▸ Your assignment
Please set down the records below exactly as they appear.

▸ Data
(* For integers $n\ge1$ and $q\ge2$, $$\mathbb E_{{\boldsymbol y}\in\Sigma_q^{n-1}}\big[\mathsf{H}^{\mathsf{In}}_{1\text{-}\mathsf{Del}}({\boldsymbol y})\big]=\log_2(nq)-\frac{\sum_{r=1}^{n-1}N_{n-1,r,q}\,(r+1)\log_2(r+1)}{nq^n},$$ $$\mathbb E_{{\boldsymbol y}\in\Sigma_q^{n+1}}\big[\mathsf{H}^{\mathsf{In}}_{1\text{-}\mathsf{Ins}}({\boldsymbol y})\big]=\log_2(n+1)-\frac{\sum_{r=1}^{n+1}N_{n+1,r,q}\,r\log_2 r}{(n+1)q^{n+1}},$$ where the expectations are over ${\boldsymbol y}$ uniformly distributed on the indicated sets.
   Context: $\Sigma_q=\{0,\dots,q-1\}$. For sequences ${\boldsymbol u}$ of length $\ell$ and ${\boldsymbol v}$ of length $N\ge\ell$, $\omega_{{\boldsymbol u}}({\boldsymbol v})$ is the number of index tuples $1\le i_1<\dots<i_\ell\le N$ with $v_{i_j}=u_j$. The $1$-deletion channel with input length $n$ maps ${\boldsymbol x}\in\Sigma_q^n$ to ${\boldsymbol y}\in\Sigma_q^{n-1}$ with probability $\omega_{{\boldsymbol y}}({\boldsymbol x})/n$; the $1$-insertion channel with input length $n$ maps ${\boldsymbol x}\in\Sigma_q^n$ to ${\boldsymbol y}\in\Sigma_q^{n+1}$ with probability $\omega_{{\boldsymbol x}}({\boldsymbol y})/((n+1)q)$. Under uniform transmission ($X$ uniform on $\Sigma_q^n$), the input entropy of an output ${\boldsymbol y}$ is $H(X\mid Y={\boldsymbol y})$ in bits, with posterior $P({\boldsymbol x}\mid {\boldsymbol y})=\Pr\{{\boldsymbol y}\mid{\boldsymbol x}\}/\sum_{{\boldsymbol x}'}\Pr\{{\boldsymbol y}\mid{\boldsymbol x}'\}$; these are denoted $\mathsf{H}^{\mathsf{In}}_{1\text{-}\mathsf{Del}}({\boldsymbol y})$ and $\mathsf{H}^{\mathsf{In}}_{1\text{-}\mathsf{Ins}}({\boldsymbol y})$ respectively. A run is a maximal block of identical consecutive symbols, and $N_{\ell,r,q}$ denotes the total number of runs of length exactly $r$ counted over all sequences in $\Sigma_q^{\ell}$. *)

theory Defs
  imports Complex_Main
begin

definition words :: "nat \<Rightarrow> nat \<Rightarrow> nat list set" where
  "words q n = {xs. length xs = n \<and> set xs \<subseteq> {..<q}}"

text \<open>omega u v: number of index tuples i_1<...<i_l (0-based: sets of l indices of v)
  with v at those indices equal to u.\<close>
definition omega :: "nat list \<Rightarrow> nat list \<Rightarrow> nat" where
  "omega u v = card {I. I \<subseteq> {..<length v} \<and> card I = length u \<and> nths v I = u}"

definition del_prob :: "nat \<Rightarrow> nat list \<Rightarrow> nat list \<Rightarrow> real" where
  "del_prob n x y = real (omega y x) / real n"

definition ins_prob :: "nat \<Rightarrow> nat \<Rightarrow> nat list \<Rightarrow> nat list \<Rightarrow> real" where
  "ins_prob n q x y = real (omega x y) / (real (n + 1) * real q)"

text \<open>Input entropy H(X | Y = y) in bits, X uniform on words q n, channel ch x y = Pr{y|x}.\<close>
definition input_entropy :: "(nat list \<Rightarrow> nat list \<Rightarrow> real) \<Rightarrow> nat \<Rightarrow> nat \<Rightarrow> nat list \<Rightarrow> real" where
  "input_entropy ch q n y =
     (let post = (\<lambda>x. ch x y / (\<Sum>x'\<in>words q n. ch x' y))
      in - (\<Sum>x\<in>words q n. if post x = 0 then 0 else post x * log 2 (post x)))"

definition H_in_del :: "nat \<Rightarrow> nat \<Rightarrow> nat list \<Rightarrow> real" where
  "H_in_del q n y = input_entropy (del_prob n) q n y"

definition H_in_ins :: "nat \<Rightarrow> nat \<Rightarrow> nat list \<Rightarrow> real" where
  "H_in_ins q n y = input_entropy (ins_prob n q) q n y"

text \<open>A run: maximal block [i,j) (0-based, half-open) of identical consecutive symbols.\<close>
definition is_run :: "nat list \<Rightarrow> nat \<Rightarrow> nat \<Rightarrow> bool" where
  "is_run xs i j \<longleftrightarrow> i < j \<and> j \<le> length xs \<and> (\<forall>k\<in>{i..<j}. xs ! k = xs ! i)
     \<and> (0 < i \<longrightarrow> xs ! (i - 1) \<noteq> xs ! i) \<and> (j < length xs \<longrightarrow> xs ! j \<noteq> xs ! i)"

definition num_runs :: "nat \<Rightarrow> nat list \<Rightarrow> nat" where
  "num_runs r xs = card {(i, j). is_run xs i j \<and> j - i = r}"

definition N_runs :: "nat \<Rightarrow> nat \<Rightarrow> nat \<Rightarrow> nat" where
  "N_runs l r q = (\<Sum>xs\<in>words q l. num_runs r xs)"

end

(*
  If x arises from y by inserting one symbol, omega y x counts the positions of x whose deletion
  gives y. Deleting positions i <= j of x gives the same word iff x is constant on [i, j], so
  omega (x without position i) x is the length of the run of x containing i. The posterior of
  either channel is proportional to omega, and the total weight sum_x omega does not depend on
  the output y (n q for deletion, n + 1 for insertion), so each input entropy is
  log T - (sum_x omega log omega) / T. Summed over y and reindexed by deletion positions, the
  omega log omega terms add up to r log r for every run of length r of the longer words. For the
  deletion channel, shortening a run of length r >= 2 by one symbol is a bijection onto the runs
  of length r - 1 of the shorter words, which yields the weights (r + 1) log (r + 1).
*)

theory Submission
  imports Defs
begin

definition remove_nth :: "nat \<Rightarrow> 'a list \<Rightarrow> 'a list" where
  "remove_nth i xs = take i xs @ drop (Suc i) xs"

definition insert_nth :: "nat \<Rightarrow> 'a \<Rightarrow> 'a list \<Rightarrow> 'a list" where
  "insert_nth i a xs = take i xs @ a # drop i xs"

▸ Answer to the exercise
(* For integers $n\ge1$ and $q\ge2$, $$\mathbb E_{{\boldsymbol y}\in\Sigma_q^{n-1}}\big[\mathsf{H}^{\mathsf{In}}_{1\text{-}\mathsf{Del}}({\boldsymbol y})\big]=\log_2(nq)-\frac{\sum_{r=1}^{n-1}N_{n-1,r,q}\,(r+1)\log_2(r+1)}{nq^n},$$ $$\mathbb E_{{\boldsymbol y}\in\Sigma_q^{n+1}}\big[\mathsf{H}^{\mathsf{In}}_{1\text{-}\mathsf{Ins}}({\boldsymbol y})\big]=\log_2(n+1)-\frac{\sum_{r=1}^{n+1}N_{n+1,r,q}\,r\log_2 r}{(n+1)q^{n+1}},$$ where the expectations are over ${\boldsymbol y}$ uniformly distributed on the indicated sets.
   Context: $\Sigma_q=\{0,\dots,q-1\}$. For sequences ${\boldsymbol u}$ of length $\ell$ and ${\boldsymbol v}$ of length $N\ge\ell$, $\omega_{{\boldsymbol u}}({\boldsymbol v})$ is the number of index tuples $1\le i_1<\dots<i_\ell\le N$ with $v_{i_j}=u_j$. The $1$-deletion channel with input length $n$ maps ${\boldsymbol x}\in\Sigma_q^n$ to ${\boldsymbol y}\in\Sigma_q^{n-1}$ with probability $\omega_{{\boldsymbol y}}({\boldsymbol x})/n$; the $1$-insertion channel with input length $n$ maps ${\boldsymbol x}\in\Sigma_q^n$ to ${\boldsymbol y}\in\Sigma_q^{n+1}$ with probability $\omega_{{\boldsymbol x}}({\boldsymbol y})/((n+1)q)$. Under uniform transmission ($X$ uniform on $\Sigma_q^n$), the input entropy of an output ${\boldsymbol y}$ is $H(X\mid Y={\boldsymbol y})$ in bits, with posterior $P({\boldsymbol x}\mid {\boldsymbol y})=\Pr\{{\boldsymbol y}\mid{\boldsymbol x}\}/\sum_{{\boldsymbol x}'}\Pr\{{\boldsymbol y}\mid{\boldsymbol x}'\}$; these are denoted $\mathsf{H}^{\mathsf{In}}_{1\text{-}\mathsf{Del}}({\boldsymbol y})$ and $\mathsf{H}^{\mathsf{In}}_{1\text{-}\mathsf{Ins}}({\boldsymbol y})$ respectively. A run is a maximal block of identical consecutive symbols, and $N_{\ell,r,q}$ denotes the total number of runs of length exactly $r$ counted over all sequences in $\Sigma_q^{\ell}$. *)

theory Defs
  imports Complex_Main
begin

definition words :: "nat \<Rightarrow> nat \<Rightarrow> nat list set" where
  "words q n = {xs. length xs = n \<and> set xs \<subseteq> {..<q}}"

text \<open>omega u v: number of index tuples i_1<...<i_l (0-based: sets of l indices of v)
  with v at those indices equal to u.\<close>
definition omega :: "nat list \<Rightarrow> nat list \<Rightarrow> nat" where
  "omega u v = card {I. I \<subseteq> {..<length v} \<and> card I = length u \<and> nths v I = u}"

definition del_prob :: "nat \<Rightarrow> nat list \<Rightarrow> nat list \<Rightarrow> real" where
  "del_prob n x y = real (omega y x) / real n"

definition ins_prob :: "nat \<Rightarrow> nat \<Rightarrow> nat list \<Rightarrow> nat list \<Rightarrow> real" where
  "ins_prob n q x y = real (omega x y) / (real (n + 1) * real q)"

text \<open>Input entropy H(X | Y = y) in bits, X uniform on words q n, channel ch x y = Pr{y|x}.\<close>
definition input_entropy :: "(nat list \<Rightarrow> nat list \<Rightarrow> real) \<Rightarrow> nat \<Rightarrow> nat \<Rightarrow> nat list \<Rightarrow> real" where
  "input_entropy ch q n y =
     (let post = (\<lambda>x. ch x y / (\<Sum>x'\<in>words q n. ch x' y))
      in - (\<Sum>x\<in>words q n. if post x = 0 then 0 else post x * log 2 (post x)))"

definition H_in_del :: "nat \<Rightarrow> nat \<Rightarrow> nat list \<Rightarrow> real" where
  "H_in_del q n y = input_entropy (del_prob n) q n y"

definition H_in_ins :: "nat \<Rightarrow> nat \<Rightarrow> nat list \<Rightarrow> real" where
  "H_in_ins q n y = input_entropy (ins_prob n q) q n y"

text \<open>A run: maximal block [i,j) (0-based, half-open) of identical consecutive symbols.\<close>
definition is_run :: "nat list \<Rightarrow> nat \<Rightarrow> nat \<Rightarrow> bool" where
  "is_run xs i j \<longleftrightarrow> i < j \<and> j \<le> length xs \<and> (\<forall>k\<in>{i..<j}. xs ! k = xs ! i)
     \<and> (0 < i \<longrightarrow> xs ! (i - 1) \<noteq> xs ! i) \<and> (j < length xs \<longrightarrow> xs ! j \<noteq> xs ! i)"

definition num_runs :: "nat \<Rightarrow> nat list \<Rightarrow> nat" where
  "num_runs r xs = card {(i, j). is_run xs i j \<and> j - i = r}"

definition N_runs :: "nat \<Rightarrow> nat \<Rightarrow> nat \<Rightarrow> nat" where
  "N_runs l r q = (\<Sum>xs\<in>words q l. num_runs r xs)"

end

(*
  If x arises from y by inserting one symbol, omega y x counts the positions of x whose deletion
  gives y. Deleting positions i <= j of x gives the same word iff x is constant on [i, j], so
  omega (x without position i) x is the length of the run of x containing i. The posterior of
  either channel is proportional to omega, and the total weight sum_x omega does not depend on
  the output y (n q for deletion, n + 1 for insertion), so each input entropy is
  log T - (sum_x omega log omega) / T. Summed over y and reindexed by deletion positions, the
  omega log omega terms add up to r log r for every run of length r of the longer words. For the
  deletion channel, shortening a run of length r >= 2 by one symbol is a bijection onto the runs
  of length r - 1 of the shorter words, which yields the weights (r + 1) log (r + 1).
*)

theory Submission
  imports Defs
begin

definition remove_nth :: "nat \<Rightarrow> 'a list \<Rightarrow> 'a list" where
  "remove_nth i xs = take i xs @ drop (Suc i) xs"

definition insert_nth :: "nat \<Rightarrow> 'a \<Rightarrow> 'a list \<Rightarrow> 'a list" where
  "insert_nth i a xs = take i xs @ a # drop i xs"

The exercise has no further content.